Der Aufzugsschacht ermöglicht allen Besuchern barrierefrei den Zugang zu den stählernen Wegen in luftiger Höhe von 10 bis 28 Metern. Der 440 Meter lange Wipfelweg schlängelt sich an 630 kartierten Bäumen entlang.

Das Highlight der Landesgartenschau

Der 31 Meter hohe Stahlbetonturm beherbergt den Aufzugsschacht und dient der v-förmigen Stahlkonstruktion mit umlaufenden Treppen als Auflager und Stützpunkt. Mehrere Plattformen unterbrechen die Himmelsleiter.
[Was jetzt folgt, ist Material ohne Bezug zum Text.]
(* Let $\hat C\subseteq\mathbb Z^2$ be a set whose set of $x$-coordinates $\hat C_/$ is bounded. Let $\hat F_1,\dots,\hat F_t$ ($t\ge1$) be the intersections of $\hat C$ with those vertical lines $\{x=c\}$ that meet $\hat C$ in a finite nonempty set, and let $\hat K_1,\dots,\hat K_r$ be the intersections of $\hat C$ with those vertical lines that meet $\hat C$ in an infinite set; for a point set $S$ in one vertical line $\{x=c\}$ write $\operatorname{Col}(S)=\{(c,y):y\in\mathbb Z\}$. Let $\ell$ be the minimal number of elements of an integer interval $[a,b]$ for which there exists $W\subseteq\mathbb Z$ with $\hat C_/+W=[a,b]$. Suppose that for each $i\in\{1,\dots,r\}$ there are sets $\hat S_{i,1},\dots,\hat S_{i,n_i}$ with $\hat S_{i,1}\cup\cdots\cup\hat S_{i,n_i}=\hat K_i$ such that for each $i,j$ there exist (possibly empty) sets $\hat W_{i,j;\mu},\hat U_{i,j;\nu}\subseteq\mathbb Z^2$ ($1\le\mu\le t$, $1\le\nu\le r$) with \[\operatorname{Col}(\hat K_i)\setminus\hat S_{i,j}=\bigcup_{\mu=1}^{t}\bigl(\hat F_\mu+\hat W_{i,j;\mu}\bigr)\cup\bigcup_{\nu=1}^{r}\bigl(\hat K_\nu+\hat U_{i,j;\nu}\bigr).\] Then for every integer $m$ with \[m\ge(\ell+1)\Bigl(t+\sum_{i=1}^r n_i\Bigr),\] the set $C=\pi_m(\hat C)$ arises as a minimal additive complement in $\mathbb Z$.
   Context: Sums of subsets of $\mathbb Z^2$ or $\mathbb Z$ are Minkowski sums $X+Y=\{x+y:x\in X,y\in Y\}$. For $m\ge1$, $\pi_m:\mathbb Z^2\to\mathbb Z$ is the map $(x,y)\mapsto x+my$ (equivalently the quotient $\mathbb Z^2\to\mathbb Z^2/\mathbb Z(m,-1)\cong\mathbb Z$). $C\subseteq\mathbb Z$ is a minimal additive complement (MAC) to $W\subseteq\mathbb Z$ if $C+W=\mathbb Z$ and no proper subset $C'\subsetneq C$ satisfies $C'+W=\mathbb Z$; $C$ arises as a MAC if such a $W$ exists. *)

theory Defs
  imports Main "HOL-Library.Product_Plus"
begin

definition msum :: "'a::plus set \<Rightarrow> 'a set \<Rightarrow> 'a set" (infixl "\<oplus>" 65) where
  "A \<oplus> B = {x + y | x y. x \<in> A \<and> y \<in> B}"

definition proj_m :: "int \<Rightarrow> int \<times> int \<Rightarrow> int" where
  "proj_m m p = fst p + m * snd p"

definition is_MAC :: "int set \<Rightarrow> int set \<Rightarrow> bool" where
  "is_MAC C W \<longleftrightarrow> C \<oplus> W = UNIV \<and> (\<forall>C'. C' \<subset> C \<longrightarrow> C' \<oplus> W \<noteq> UNIV)"

definition arises_as_MAC :: "int set \<Rightarrow> bool" where
  "arises_as_MAC C \<longleftrightarrow> (\<exists>W. is_MAC C W)"

definition xcoords :: "(int \<times> int) set \<Rightarrow> int set" where
  "xcoords A = fst ` A"

definition colset :: "int \<Rightarrow> (int \<times> int) set" where
  "colset c = {(c, y) | y. True}"

definition column :: "(int \<times> int) set \<Rightarrow> int \<Rightarrow> (int \<times> int) set" where
  "column A c = {p \<in> A. fst p = c}"

definition fin_cols :: "(int \<times> int) set \<Rightarrow> int set" where
  "fin_cols A = {c. finite (column A c) \<and> column A c \<noteq> {}}"

definition inf_cols :: "(int \<times> int) set \<Rightarrow> int set" where
  "inf_cols A = {c. infinite (column A c)}"

definition ell :: "int set \<Rightarrow> nat" where
  "ell X = (LEAST k. \<exists>a b W. a \<le> b \<and> X \<oplus> W = {a..b} \<and> k = card {a..b})"

end

theory Submission
  imports Defs
begin

text \<open>
  Give every finite column of \<open>Chat\<close> and every piece \<open>S c j\<close> of an infinite column its own
  residue class modulo m, the reserved residues being L + 1 apart, where L = \<open>ell (xcoords Chat)\<close>.
  Two x-coordinates of \<open>Chat\<close> differ by less than L, so a sum \<open>proj_m m p + w\<close> can only hit a
  reserved class in the intended way, and on that class the problem becomes two-dimensional and
  confined to a single column: a finite column is complemented by lifting a minimal complement of
  the finite set of its y-coordinates, a piece \<open>S c j\<close> by the translates given in the hypothesis,
  and in both cases every point of the piece has a private target. The remaining residues are
  covered by translates of the x-coordinates filling windows of length L that avoid the reserved
  classes.
\<close>

section \<open>Minimal additive complements of finite sets\<close>

lemma is_MAC_iff_private_targets:
  "is_MAC C W \<longleftrightarrow> C \<oplus> W = UNIV \<and> (\<forall>c\<in>C. \<exists>z. \<forall>c'\<in>C. \<forall>w\<in>W. c' + w = z \<longrightarrow> c' = c)"
proof
  assume mac: "is_MAC C W"
  have "\<exists>z. \<forall>c'\<in>C. \<forall>w\<in>W. c' + w = z \<longrightarrow> c' = c" if "c \<in> C" for c
  proof -
    have "(C - {c}) \<oplus> W \<noteq> UNIV" using mac that unfolding is_MAC_def by blast
    then obtain z where z: "z \<notin> (C - {c}) \<oplus> W" by blast
    have "c' = c" if "c' \<in> C" "w \<in> W" "c' + w = z" for c' w
    proof (rule ccontr)
      assume "c' \<noteq> c"
      then have "z \<in> (C - {c}) \<oplus> W" using that unfolding msum_def by blast
      then show False using z by contradiction
    qed
    then show ?thesis by blast
  qed
  then show "C \<oplus> W = UNIV \<and> (\<forall>c\<in>C. \<exists>z. \<forall>c'\<in>C. \<forall>w\<in>W. c' + w = z \<longrightarrow> c' = c)"
    using mac unfolding is_MAC_def by blast
next
  assume targets: "C \<oplus> W = UNIV \<and> (\<forall>c\<in>C. \<exists>z. \<forall>c'\<in>C. \<forall>w\<in>W. c' + w = z \<longrightarrow> c' = c)"
  have "C' \<oplus> W \<noteq> UNIV" if "C' \<subset> C" for C'
  proof -
    obtain c where c: "c \<in> C" "c \<notin> C'" using \<open>C' \<subset> C\<close> by blast
    then obtain z where "\<forall>c'\<in>C. \<forall>w\<in>W. c' + w = z \<longrightarrow> c' = c" using targets by blast
    then have "z \<notin> C' \<oplus> W" using c \<open>C' \<subset> C\<close> unfolding msum_def by blast
    then show ?thesis by blast
  qed
  then show "is_MAC C W" using targets unfolding is_MAC_def by blast
qed

lemma msum_compl_differences_eq_UNIV:
  fixes F :: "int set" and K R :: int
  assumes fin: "finite F" and ne: "F \<noteq> {}" and R: "\<And>f. f \<in> F \<Longrightarrow> \<bar>f\<bar> \<le> R"
    and K: "4 * R < K"
  shows "F \<oplus> - {K * g - h | g h. g \<in> F \<and> h \<in> F \<and> h \<noteq> g} = UNIV"
proof (rule ccontr)
  define B where "B = {K * g - h | g h. g \<in> F \<and> h \<in> F \<and> h \<noteq> g}"
  have K_mult_eq_0: "a = 0" if "K * a = b" "\<bar>b\<bar> \<le> 4 * R" for a b
  proof (rule ccontr)
    assume "a \<noteq> 0"
    then have "1 \<le> \<bar>a\<bar>" by simp
    then have "\<bar>K\<bar> \<le> \<bar>K * a\<bar>" by (simp add: abs_mult mult_le_cancel_left1)
    then show False using that K abs_ge_self[of K] by linarith
  qed
  assume "F \<oplus> - {K * g - h | g h. g \<in> F \<and> h \<in> F \<and> h \<noteq> g} \<noteq> UNIV"
  then obtain z where "z \<notin> F \<oplus> (- B)" unfolding B_def by blast
  have z: "z - f \<in> B" if "f \<in> F" for f
  proof (rule ccontr)
    assume "z - f \<notin> B"
    then have "z \<in> F \<oplus> (- B)"
      using that unfolding msum_def by (intro CollectI exI[of _ f] exI[of _ "z - f"]) simp
    then show False using \<open>z \<notin> F \<oplus> (- B)\<close> by contradiction
  qed
  obtain f0 where f0: "f0 \<in> F" using ne by blast
  then obtain g0 h0 where g0: "g0 \<in> F" "h0 \<in> F" "z - f0 = K * g0 - h0"
    using z unfolding B_def by blast
  \<comment> \<open>As K > 4 R, all the z - f have the same leading term K g0, so F - z + K g0 lies in F - {g0}.\<close>
  have "f - (z - K * g0) \<in> F - {g0}" if f: "f \<in> F" for f
  proof -
    obtain g h where gh: "g \<in> F" "h \<in> F" "h \<noteq> g" "z - f = K * g - h"
      using z[OF f] unfolding B_def by blast
    have "K * (g - g0) = f0 - f + h - h0" using gh g0 by (simp add: algebra_simps)
    moreover have "\<bar>f0 - f + h - h0\<bar> \<le> 4 * R"
      using R[OF f] R[OF f0] R[OF \<open>h \<in> F\<close>] R[OF \<open>h0 \<in> F\<close>] by linarith
    ultimately have "g = g0" using K_mult_eq_0[of "g - g0"] by simp
    then have "f - (z - K * g0) = h" using gh by simp
    then show ?thesis using gh \<open>g = g0\<close> by simp
  qed
  then have "(\<lambda>f. f - (z - K * g0)) ` F \<subseteq> F - {g0}" by (rule image_subsetI)
  then have "card F \<le> card (F - {g0})"
    by (rule card_inj_on_le[rotated]) (use fin in \<open>auto simp: inj_on_def\<close>)
  moreover have "card F > 0" using fin g0(1) card_gt_0_iff by blast
  ultimately show False using fin g0(1) by (simp add: card_Diff_singleton)
qed

lemma finite_arises_as_MAC:
  fixes F :: "int set"
  assumes fin: "finite F" and ne: "F \<noteq> {}"
  shows "arises_as_MAC F"
proof -
  define R where "R = Max (abs ` F)"
  have R: "\<bar>f\<bar> \<le> R" if "f \<in> F" for f
    unfolding R_def using fin that by auto
  define K where "K = 4 * R + 1"
  \<comment> \<open>The complement is \<open>- B\<close>: the target K f is then reached only from f.\<close>
  define B where "B = {K * g - h | g h. g \<in> F \<and> h \<in> F \<and> h \<noteq> g}"
  have "F \<oplus> (- B) = UNIV"
    unfolding B_def using fin ne R by (intro msum_compl_differences_eq_UNIV) (auto simp: K_def)
  moreover have "\<forall>f'\<in>F. \<forall>y\<in>- B. f' + y = K * f \<longrightarrow> f' = f" if "f \<in> F" for f
  proof (intro ballI impI)
    fix f' y assume "f' \<in> F" "y \<in> - B" "f' + y = K * f"
    then have "y = K * f - f'" "y \<notin> B" by auto
    then have "K * f - f' \<notin> B" by simp
    moreover have "K * f - f' \<in> B" if "f' \<noteq> f"
      unfolding B_def using that \<open>f \<in> F\<close> \<open>f' \<in> F\<close> by auto
    ultimately show "f' = f" by blast
  qed
  ultimately have "is_MAC F (- B)"
    unfolding is_MAC_iff_private_targets by blast
  then show ?thesis unfolding arises_as_MAC_def by blast
qed

section \<open>Intervals filled by translates of a finite set\<close>

lemma msum_image_add: "X \<oplus> ((+) t ` W) = (+) t ` (X \<oplus> W)"
  for t :: "'a::ab_semigroup_add"
proof (intro set_eqI iffI)
  fix z assume "z \<in> X \<oplus> ((+) t ` W)"
  then obtain x w where "x \<in> X" "w \<in> W" "z = t + (x + w)"
    unfolding msum_def by (auto simp: ac_simps)
  then show "z \<in> (+) t ` (X \<oplus> W)" unfolding msum_def by blast
next
  fix z assume "z \<in> (+) t ` (X \<oplus> W)"
  then obtain x w where "x \<in> X" "w \<in> W" "z = x + (t + w)"
    unfolding msum_def by (auto simp: ac_simps)
  then show "z \<in> X \<oplus> ((+) t ` W)" unfolding msum_def by blast
qed

lemma ell_tiles:
  fixes X :: "int set"
  assumes fin: "finite X" and ne: "X \<noteq> {}"
  shows "0 < ell X \<and> (\<exists>W. X \<oplus> W = {0..<int (ell X)})"
proof -
  define x0 x1 where "x0 = Min X" and "x1 = Max X"
  have x01: "x0 \<in> X" "x1 \<in> X" "\<And>x. x \<in> X \<Longrightarrow> x0 \<le> x \<and> x \<le> x1"
    using fin ne unfolding x0_def x1_def by auto
  have "X \<oplus> {-x0 .. x1 - 2 * x0} = {0 .. 2 * (x1 - x0)}"
  proof (intro set_eqI iffI)
    fix z assume "z \<in> X \<oplus> {-x0 .. x1 - 2 * x0}"
    then show "z \<in> {0 .. 2 * (x1 - x0)}" unfolding msum_def using x01 by fastforce
  next
    fix z assume z: "z \<in> {0 .. 2 * (x1 - x0)}"
    show "z \<in> X \<oplus> {-x0 .. x1 - 2 * x0}"
    proof (cases "z \<le> x1 - x0")
      case True
      then have "z = x0 + (z - x0)" "z - x0 \<in> {-x0 .. x1 - 2 * x0}" using z by auto
      then show ?thesis unfolding msum_def using x01 by blast
    next
      case False
      then have "z = x1 + (z - x1)" "z - x1 \<in> {-x0 .. x1 - 2 * x0}" using z by auto
      then show ?thesis unfolding msum_def using x01 by blast
    qed
  qed
  moreover have "0 \<le> 2 * (x1 - x0)" using x01 by force
  ultimately have "\<exists>k a b W. a \<le> b \<and> X \<oplus> W = {a..b} \<and> k = card {a..b}" by blast
  then have "\<exists>a b W. a \<le> b \<and> X \<oplus> W = {a..b} \<and> ell X = card {a..b}"
    unfolding ell_def by (rule LeastI_ex)
  then obtain a b W where ab: "a \<le> b" "X \<oplus> W = {a..b}" "ell X = card {a..b}" by blast
  have "X \<oplus> ((+) (- a) ` W) = {0..<b - a + 1}"
    unfolding msum_image_add ab(2) by auto
  moreover have "int (ell X) = b - a + 1" using ab by simp
  ultimately show ?thesis using ab by auto
qed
Der Aufzug bietet auf beiden Plattformen die Möglichkeit des barrierefreien Ein- oder Aussteigens.

Die ortsansässige Holtmeyer Bauunternehmen GmbH erhielt kurzfristig den Auftrag, die Stahlbetonkonstruktion für den Fahrstuhlschacht noch vor Wintereinbruch fertigzustellen, damit anschließend die Stahlbauarbeiten beginnen konnten.

Als langjähriger Kunde von Paschal wandte sich Jens Holtmeyer an den Steinacher Schalungshersteller. Die Holtmeyer Bauunternehmen GmbH verfügt über eigene Paschal-Systeme, jedoch nicht über Klettersysteme, die bei einem „Turmbau“ aus Stahlbeton unerlässlich sind.

Sportlicher Bauzeitenplan – aufwändige Gründungen

Bedingt durch die kurzfristige Auftragserteilung und den nahenden Winter war Eile geboten. Hinzu kam, dass alle Gründungsarbeiten, sowohl für den Aufzugsschacht sowie für die Fundamente der stählernen Baumwipfelpfadstützen mittels Bohrpfählen aufwändig und zeitintensiv gegründet werden mussten.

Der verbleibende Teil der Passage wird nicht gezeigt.